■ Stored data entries
^^^^^^^^
(* Let $(w_n)_{n\ge0}$ be nonnegative reals with $W(z)=\sum_{n\ge0}w_nz^n$, and assume there are $\rho_w>0$ and a slowly varying $L_w$ with $w_n\sim L_w(n)n^{-1}\rho_w^{-n}$ and $W(\rho_w)\in(0,\infty)$. Let $X_1,X_2,\dots$ be i.i.d. with probability generating function $W(\rho_w z)/W(\rho_w)$ and $S_k=X_1+\dots+X_k$. For each $n\ge1$ let $k=k(n)$ be a positive integer such that $k\,L_w(n)\to0$. Then, as $n\to\infty$, $$d_{\mathrm{TV}}\Big(\mathcal{L}\big(\tau(X_1,\dots,X_k)\,\big|\,S_k=n\big),\ \mathcal{L}\big((X_1,\dots,X_{k-1})\,\big|\,X_i\le n\ \forall i\le k-1\big)\Big)\to0.$$ Consequently, conditionally on $S_k=n$, $\max(X_1,\dots,X_k)/n\to1$ in probability.
   Context: The "delete first maximum" operator $\tau$ maps $(x_1,\dots,x_k)\in\mathbb{N}_0^k$ to $(x_1,\dots,x_{J-1},x_{J+1},\dots,x_k)\in\mathbb{N}_0^{k-1}$ where $J=\min\{j:x_j=\max_i x_i\}$. $d_{\mathrm{TV}}$ is total variation distance between laws on $\mathbb{N}_0^{k-1}$. *)

theory Defs
  imports "HOL-Analysis.Analysis" "HOL-Library.Landau_Symbols"
begin

definition slowly_varying :: "(real \<Rightarrow> real) \<Rightarrow> bool" where
  "slowly_varying L \<longleftrightarrow> L \<in> borel_measurable borel \<and>
     eventually (\<lambda>x. L x > 0) at_top \<and>
     (\<forall>c>0. ((\<lambda>x. L (c * x) / L x) \<longlongrightarrow> 1) at_top)"

text \<open>Delete-first-maximum operator on tuples, represented as lists.
  remove1 removes the first occurrence, i.e. the entry at index J.\<close>
definition tau :: "nat list \<Rightarrow> nat list" where
  "tau xs = remove1 (Max (set xs)) xs"

text \<open>Probability mass function of X_i: P(X = j) = w_j rho^j / W(rho),
  i.e. the law with pgf W(rho z)/W(rho).\<close>
definition step_prob :: "(nat \<Rightarrow> real) \<Rightarrow> real \<Rightarrow> nat \<Rightarrow> real" where
  "step_prob w \<rho> j = w j * \<rho> ^ j / (\<Sum>i. w i * \<rho> ^ i)"

definition list_prob :: "(nat \<Rightarrow> real) \<Rightarrow> nat list \<Rightarrow> real" where
  "list_prob p xs = prod_list (map p xs)"

definition cond_tau_law :: "(nat \<Rightarrow> real) \<Rightarrow> nat \<Rightarrow> nat \<Rightarrow> nat list \<Rightarrow> real" where
  "cond_tau_law p k n ys =
     (\<Sum>xs | length xs = k \<and> sum_list xs = n \<and> tau xs = ys. list_prob p xs) /
     (\<Sum>xs | length xs = k \<and> sum_list xs = n. list_prob p xs)"

definition trunc_law :: "(nat \<Rightarrow> real) \<Rightarrow> nat \<Rightarrow> nat \<Rightarrow> nat list \<Rightarrow> real" where
  "trunc_law p k n ys =
     (if length ys = k - 1 \<and> (\<forall>y\<in>set ys. y \<le> n)
      then list_prob p ys /
           (\<Sum>zs | length zs = k - 1 \<and> (\<forall>z\<in>set zs. z \<le> n). list_prob p zs)
      else 0)"

definition tv_dist :: "(nat list \<Rightarrow> real) \<Rightarrow> (nat list \<Rightarrow> real) \<Rightarrow> real" where
  "tv_dist f g = (1/2) * infsum (\<lambda>ys. \<bar>f ys - g ys\<bar>) UNIV"

definition cond_max_dev :: "(nat \<Rightarrow> real) \<Rightarrow> nat \<Rightarrow> nat \<Rightarrow> real \<Rightarrow> real" where
  "cond_max_dev p k n \<epsilon> =
     (\<Sum>xs | length xs = k \<and> sum_list xs = n \<and>
              \<bar>real (Max (set xs)) / real n - 1\<bar> > \<epsilon>. list_prob p xs) /
     (\<Sum>xs | length xs = k \<and> sum_list xs = n. list_prob p xs)"

end

theory Submission
  imports Defs
begin

text \<open>Let \<open>p\<close> be the law of \<open>X\<^sub>i\<close> and \<open>Q\<close> the product law, so that \<open>n p(n) \<sim> L(n) / W(\<rho>)\<close>.
  Given \<open>S\<^sub>k = n\<close>, a tuple is recovered from \<open>ys = \<tau>(X\<^sub>1, \<dots>, X\<^sub>k)\<close> by reinserting its maximum
  \<open>m = n - sum ys\<close> at one of at most \<open>k\<close> positions, and at exactly \<open>k\<close> positions when every
  entry of \<open>ys\<close> is below \<open>m\<close>; so the conditional weight of \<open>ys\<close> is about \<open>k p(m) Q(ys)\<close>.
  Since \<open>k L(n) \<rightarrow> 0\<close>, a Chernoff bound gives \<open>sum ys \<le> x n\<close> outside \<open>Q\<close>-mass \<open>r \<rightarrow> 0\<close>;
  there \<open>p(m) \<approx> p(n)\<close> because \<open>L\<close> is slowly varying, while the remaining \<open>ys\<close> are controlled
  by a dyadic decomposition and the Potter-type bound \<open>p(m) \<le> C (n/m)\<^sup>2 p(n)\<close>. Hence the
  conditional law of \<open>\<tau>\<close> is within \<open>O(x + r)\<close> of \<open>Q\<close> truncated at \<open>n\<close>, and the maximum
  \<open>n - sum ys\<close> exceeds \<open>(1 - x) n\<close> with high probability.\<close>

section \<open>Chernoff bounds for sums of independent weights\<close>

lemma sum_prod_list_lists_length_eq_power:
  fixes f :: "'a \<Rightarrow> 'b::comm_semiring_1"
  shows "(\<Sum>xs | set xs \<subseteq> A \<and> length xs = K. prod_list (map f xs)) = (\<Sum>a\<in>A. f a) ^ K"
proof (induction K)
  case 0
  have "{xs. set xs \<subseteq> A \<and> length xs = 0} = {[]}" by auto
  then show ?case by simp
next
  case (Suc K)
  let ?L = "{xs. set xs \<subseteq> A \<and> length xs = K}"
  have inj: "inj_on (\<lambda>(xs, a). a # xs) (?L \<times> A)" by (auto simp: inj_on_def)
  have "(\<Sum>xs | set xs \<subseteq> A \<and> length xs = Suc K. prod_list (map f xs))
      = (\<Sum>(xs, a)\<in>?L \<times> A. f a * prod_list (map f xs))"
    unfolding lists_length_Suc_eq by (subst sum.reindex[OF inj]) (simp add: case_prod_unfold)
  also have "\<dots> = (\<Sum>xs\<in>?L. (\<Sum>a\<in>A. f a) * prod_list (map f xs))"
    by (simp add: sum.cartesian_product[symmetric] sum_distrib_right)
  also have "\<dots> = (\<Sum>a\<in>A. f a) ^ Suc K"
    using Suc by (simp add: sum_distrib_left[symmetric])
  finally show ?case .
qed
^^^^^^^^
Nothing may be dropped or altered. Copy every line above.

(* Let $(w_n)_{n\ge0}$ be nonnegative reals with $W(z)=\sum_{n\ge0}w_nz^n$, and assume there are $\rho_w>0$ and a slowly varying $L_w$ with $w_n\sim L_w(n)n^{-1}\rho_w^{-n}$ and $W(\rho_w)\in(0,\infty)$. Let $X_1,X_2,\dots$ be i.i.d. with probability generating function $W(\rho_w z)/W(\rho_w)$ and $S_k=X_1+\dots+X_k$. For each $n\ge1$ let $k=k(n)$ be a positive integer such that $k\,L_w(n)\to0$. Then, as $n\to\infty$, $$d_{\mathrm{TV}}\Big(\mathcal{L}\big(\tau(X_1,\dots,X_k)\,\big|\,S_k=n\big),\ \mathcal{L}\big((X_1,\dots,X_{k-1})\,\big|\,X_i\le n\ \forall i\le k-1\big)\Big)\to0.$$ Consequently, conditionally on $S_k=n$, $\max(X_1,\dots,X_k)/n\to1$ in probability.
   Context: The "delete first maximum" operator $\tau$ maps $(x_1,\dots,x_k)\in\mathbb{N}_0^k$ to $(x_1,\dots,x_{J-1},x_{J+1},\dots,x_k)\in\mathbb{N}_0^{k-1}$ where $J=\min\{j:x_j=\max_i x_i\}$. $d_{\mathrm{TV}}$ is total variation distance between laws on $\mathbb{N}_0^{k-1}$. *)

theory Defs
  imports "HOL-Analysis.Analysis" "HOL-Library.Landau_Symbols"
begin

definition slowly_varying :: "(real \<Rightarrow> real) \<Rightarrow> bool" where
  "slowly_varying L \<longleftrightarrow> L \<in> borel_measurable borel \<and>
     eventually (\<lambda>x. L x > 0) at_top \<and>
     (\<forall>c>0. ((\<lambda>x. L (c * x) / L x) \<longlongrightarrow> 1) at_top)"

text \<open>Delete-first-maximum operator on tuples, represented as lists.
  remove1 removes the first occurrence, i.e. the entry at index J.\<close>
definition tau :: "nat list \<Rightarrow> nat list" where
  "tau xs = remove1 (Max (set xs)) xs"

text \<open>Probability mass function of X_i: P(X = j) = w_j rho^j / W(rho),
  i.e. the law with pgf W(rho z)/W(rho).\<close>
definition step_prob :: "(nat \<Rightarrow> real) \<Rightarrow> real \<Rightarrow> nat \<Rightarrow> real" where
  "step_prob w \<rho> j = w j * \<rho> ^ j / (\<Sum>i. w i * \<rho> ^ i)"

definition list_prob :: "(nat \<Rightarrow> real) \<Rightarrow> nat list \<Rightarrow> real" where
  "list_prob p xs = prod_list (map p xs)"

definition cond_tau_law :: "(nat \<Rightarrow> real) \<Rightarrow> nat \<Rightarrow> nat \<Rightarrow> nat list \<Rightarrow> real" where
  "cond_tau_law p k n ys =
     (\<Sum>xs | length xs = k \<and> sum_list xs = n \<and> tau xs = ys. list_prob p xs) /
     (\<Sum>xs | length xs = k \<and> sum_list xs = n. list_prob p xs)"

definition trunc_law :: "(nat \<Rightarrow> real) \<Rightarrow> nat \<Rightarrow> nat \<Rightarrow> nat list \<Rightarrow> real" where
  "trunc_law p k n ys =
     (if length ys = k - 1 \<and> (\<forall>y\<in>set ys. y \<le> n)
      then list_prob p ys /
           (\<Sum>zs | length zs = k - 1 \<and> (\<forall>z\<in>set zs. z \<le> n). list_prob p zs)
      else 0)"

definition tv_dist :: "(nat list \<Rightarrow> real) \<Rightarrow> (nat list \<Rightarrow> real) \<Rightarrow> real" where
  "tv_dist f g = (1/2) * infsum (\<lambda>ys. \<bar>f ys - g ys\<bar>) UNIV"

definition cond_max_dev :: "(nat \<Rightarrow> real) \<Rightarrow> nat \<Rightarrow> nat \<Rightarrow> real \<Rightarrow> real" where
  "cond_max_dev p k n \<epsilon> =
     (\<Sum>xs | length xs = k \<and> sum_list xs = n \<and>
              \<bar>real (Max (set xs)) / real n - 1\<bar> > \<epsilon>. list_prob p xs) /
     (\<Sum>xs | length xs = k \<and> sum_list xs = n. list_prob p xs)"

end

theory Submission
  imports Defs
begin

text \<open>Let \<open>p\<close> be the law of \<open>X\<^sub>i\<close> and \<open>Q\<close> the product law, so that \<open>n p(n) \<sim> L(n) / W(\<rho>)\<close>.
  Given \<open>S\<^sub>k = n\<close>, a tuple is recovered from \<open>ys = \<tau>(X\<^sub>1, \<dots>, X\<^sub>k)\<close> by reinserting its maximum
  \<open>m = n - sum ys\<close> at one of at most \<open>k\<close> positions, and at exactly \<open>k\<close> positions when every
  entry of \<open>ys\<close> is below \<open>m\<close>; so the conditional weight of \<open>ys\<close> is about \<open>k p(m) Q(ys)\<close>.
  Since \<open>k L(n) \<rightarrow> 0\<close>, a Chernoff bound gives \<open>sum ys \<le> x n\<close> outside \<open>Q\<close>-mass \<open>r \<rightarrow> 0\<close>;
  there \<open>p(m) \<approx> p(n)\<close> because \<open>L\<close> is slowly varying, while the remaining \<open>ys\<close> are controlled
  by a dyadic decomposition and the Potter-type bound \<open>p(m) \<le> C (n/m)\<^sup>2 p(n)\<close>. Hence the
  conditional law of \<open>\<tau>\<close> is within \<open>O(x + r)\<close> of \<open>Q\<close> truncated at \<open>n\<close>, and the maximum
  \<open>n - sum ys\<close> exceeds \<open>(1 - x) n\<close> with high probability.\<close>

section \<open>Chernoff bounds for sums of independent weights\<close>

lemma sum_prod_list_lists_length_eq_power:
  fixes f :: "'a \<Rightarrow> 'b::comm_semiring_1"
  shows "(\<Sum>xs | set xs \<subseteq> A \<and> length xs = K. prod_list (map f xs)) = (\<Sum>a\<in>A. f a) ^ K"
proof (induction K)
  case 0
  have "{xs. set xs \<subseteq> A \<and> length xs = 0} = {[]}" by auto
  then show ?case by simp
next
  case (Suc K)
  let ?L = "{xs. set xs \<subseteq> A \<and> length xs = K}"
  have inj: "inj_on (\<lambda>(xs, a). a # xs) (?L \<times> A)" by (auto simp: inj_on_def)
  have "(\<Sum>xs | set xs \<subseteq> A \<and> length xs = Suc K. prod_list (map f xs))
      = (\<Sum>(xs, a)\<in>?L \<times> A. f a * prod_list (map f xs))"
    unfolding lists_length_Suc_eq by (subst sum.reindex[OF inj]) (simp add: case_prod_unfold)
  also have "\<dots> = (\<Sum>xs\<in>?L. (\<Sum>a\<in>A. f a) * prod_list (map f xs))"
    by (simp add: sum.cartesian_product[symmetric] sum_distrib_right)
  also have "\<dots> = (\<Sum>a\<in>A. f a) ^ Suc K"
    using Suc by (simp add: sum_distrib_left[symmetric])
  finally show ?case .
qed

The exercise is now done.